Analyses (EN)
Typography

The ECB attempts to counter exchange rate volatility by slightly lowering its inflation forecasts and sending markedly accommodative signals on APP and policy rate management......

The bond markets reacted accordingly, the exchange rate less so.

The ECB meeting brought no changes on rates and non-standard measures. The rhetoric of the statement and the tones used by President Draghi reveal the intention to avoid rocking the boat and to cool expectations for a tightening of monetary policy, that had caused some turmoil on the currency markets. The ECB clearly took stock of the recent trend of the exchange rate (+4.7% since the beginning of May) and of financial conditions. As always, the President of the ECB could not comment on the level of the exchange rate, but said that there was widespread consensus within the del Council on the fact that recent volatility represents a factor of uncertainty and concern, and must be monitored closely. For now, this effort has not been rewarded by the currency markets, whereas the interest rate market immediately acknowledged the accommodative tones with a drop in medium-long term rates and a compression of risk premiums on peripheral issuers.

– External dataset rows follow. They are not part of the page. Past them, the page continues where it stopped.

definition oblique :: certificate where
  "oblique = \<lparr>layers = [Sz, Sk, Sa, Sa', Sb, Sb'],
     cycle = commutator [(1, 0, Sz), (0, 2, Sa), (0, 1, Sz)] [(0, 2, Sb)],
     pivot0 = [Sk, Sb, Sa], pivot1 = [Sa, Sb, Sz], pivot2 = [Sk, Sa, Sb'],
     conjugators =
       [([Sk, Sa, Sb'], []),
        ([Sb, Sa, Sk], [(0, 2, Sa)]),
        ([Sa', Sk, Sb'], [(0, 1, Sb')]),
        ([Sa, Sz, Sb'], [(1, 0, Sb')]),
        ([Sb', Sa, Sz], [(2, 0, Sa)]),
        ([Sz, Sa', Sb'], [(0, 1, Sb'), (0, 1, Sb')]),
        ([Sb, Sz, Sa], [(1, 2, Sb), (0, 2, Sa)]),
        ([Sa', Sb', Sz], [(2, 1, Sa'), (0, 1, Sb')]),
        ([Sa, Sb', Sk], [(1, 0, Sk), (0, 2, Sa)]),
        ([Sz, Sa, Sb], [(0, 2, Sa), (0, 2, Sa)]),
        ([Sa', Sb, Sk], [(1, 2, Sa'), (0, 1, Sb')]),
        ([Sb, Sk, Sa'], [(0, 2, Sk), (0, 1, Sb')]),
        ([Sb', Sz, Sa'], [(2, 0, Sz), (1, 0, Sb')]),
        ([Sb', Sk, Sa], [(2, 0, Sk), (0, 1, Sb')]),
        ([Sa, Sk, Sb], [(0, 2, Sk), (0, 2, Sk), (0, 1, Sb')]),
        ([Sz, Sb, Sa'], [(1, 2, Sz), (0, 1, Sb'), (0, 1, Sb')]),
        ([Sz, Sb', Sa], [(2, 1, Sz), (0, 1, Sb'), (0, 1, Sb')]),
        ([Sb', Sa', Sk], [(2, 0, Sa'), (0, 1, Sb'), (0, 1, Sb')]),
        ([Sa', Sz, Sb], [(1, 2, Sa'), (1, 2, Sa'), (0, 1, Sb')]),
        ([Sb, Sa', Sz], [(0, 2, Sa'), (0, 1, Sb'), (0, 1, Sb')]),
        ([Sk, Sb', Sa'], [(1, 0, Sa), (2, 1, Sk), (0, 1, Sa)]),
        ([Sk, Sa', Sb], [(1, 0, Sa), (1, 2, Sk), (1, 2, Sk), (0, 1, Sa)])]\<rparr>"

lemma valid_oblique: "valid_certificate oblique"
  unfolding oblique_def by (simp del: smove.simps add: certificate_eval)

section \<open>The frame class\<close>

definition frame_pos :: "nat \<Rightarrow> nat \<Rightarrow> nat \<Rightarrow> nat \<Rightarrow> nat" where
  "frame_pos k n v = (\<lambda>i. if i = n then v else if i < 3 then (k - 1) div 2 else 0)"

lemma frame_class_eq:
  assumes "odd k" "2 \<le> k"
  shows "frame_class k = {frame_pos k n v | n v. n < 3 \<and> boundary k v}"
proof (intro set_eqI iffI)
  fix p assume "p \<in> frame_class k"
  then have p: "p \<in> Mpos k" "card (Bset k p) = 1" "\<forall>i < 3. i \<notin> Bset k p \<longrightarrow> p i = (k - 1) div 2"
    by (auto simp: frame_class_def)
  then obtain n where n: "Bset k p = {n}" by (auto simp: card_1_singleton_iff)
  then have "n < 3" "boundary k (p n)" by (auto simp: Bset_def boundary_def)
  moreover have "p = frame_pos k n (p n)"
  proof
    fix i
    show "p i = frame_pos k n (p n) i"
      using p(1,3) n by (cases "i < 3") (auto simp: frame_pos_def Mpos_def)
  qed
  ultimately show "p \<in> {frame_pos k n v | n v. n < 3 \<and> boundary k v}" by blast
next
  fix p assume "p \<in> {frame_pos k n v | n v. n < 3 \<and> boundary k v}"
  then obtain n v where p: "p = frame_pos k n v" "n < 3" "boundary k v" by blast
  have mid: "(k - 1) div 2 \<noteq> 0" "(k - 1) div 2 \<noteq> k - 1" "(k - 1) div 2 < k"
    using assms by (auto elim!: oddE)
  have "Bset k p = {n}" using p(2,3) mid unfolding p(1) by (auto simp: Bset_def frame_pos_def boundary_def)
  moreover have "p \<in> Mpos k" using p mid assms(2) by (auto simp: Mpos_def frame_pos_def boundary_def)
  ultimately show "p \<in> frame_class k" using p(1) by (simp add: frame_class_def frame_pos_def)
qed

lemma frame_pos_in_Mpos: "odd k \<Longrightarrow> n < 3 \<Longrightarrow> boundary k v \<Longrightarrow> frame_pos k n v \<in> Mpos k"
  by (auto simp: Mpos_def frame_pos_def boundary_def elim!: oddE)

The statement promises that the ECB will be active on the markets beyond December 2017 as well, and will “gauge” non-standard measures based on the evolution of the macroeconomic scenario and on the prospects of inflation returning to the 2% target in the medium term. At the same time, the ECB has renewed its commitment to keeping policy rates stable well beyond the termination of purchases: Draghi reasserted that the sequence of actions remains as planned. Decisions on the extension of the APP (Asset Purchase Programme) will be taken in October. For the time being, the Council has only considered alternative scenarios, without taking into account possible changes in purchase implementation parameters, concerning in particular the limit imposed on individual issues and issuers. On the other hand, the Council considered alternative scenarios for the duration and volumes of purchases, but is waiting for indications from the various working groups.

Evidence of the fact that the ECB is in no rush to tighten monetary conditions, the central bank staff revised down by one tenth its inflation estimates, to 1.2% and 1.5% in 2018 and 2019 respectively, prompted by the stronger exchange rate. Inflation forecast revisions were entirely due to the weaker underlying trend (net of energy and food prices) compared to June. Forecast core inflation is now lower, at 1.3% in 2018 and 1.5% in 2019. If the currency movement were entirely due to external factors, transmission to inflation would be stronger; however, it is in fact due in part to an improvement in the economic and political picture. Growth forecasts have been revised up to 2.2% in 2017 from 1.9% previously, whereas estimates for the next two years are stable at 1.8% and 1.7%, as the ECB believes the underlying trend of the euro area economy is stronger than estimated a few months ago, and that this will balance the effect of the stronger exchange rate. Furthermore, monetary policy will counter in part the headwind represented by the appreciation of the euro. The downward revision of core inflation forecasts for the next two years, and in particular the 1.5% estimate for 2019, is an important signal, as it reduces the ECB’s urgency to exit the purchase programme. Council members generally believe the expansion phase will translate, over time, into an increase in domestic prices, although for the time being they consider it necessary to be persistent in supporting growth and the rise in underlying inflation.

In our view, the ECB will announce a very gradual exit from the purchase programme in October, adopting a flexible formula, without indicating a predetermined termination date, and reserving to gauge purchases meeting by meeting. The central bank will probably seek to extend the programme until the autumn of 2018, although the final decision will depend on the political balance within the Council and on the evolution of the economic picture. For the time being, we have reason to expect an initial deposit rate hike no sooner than 2019.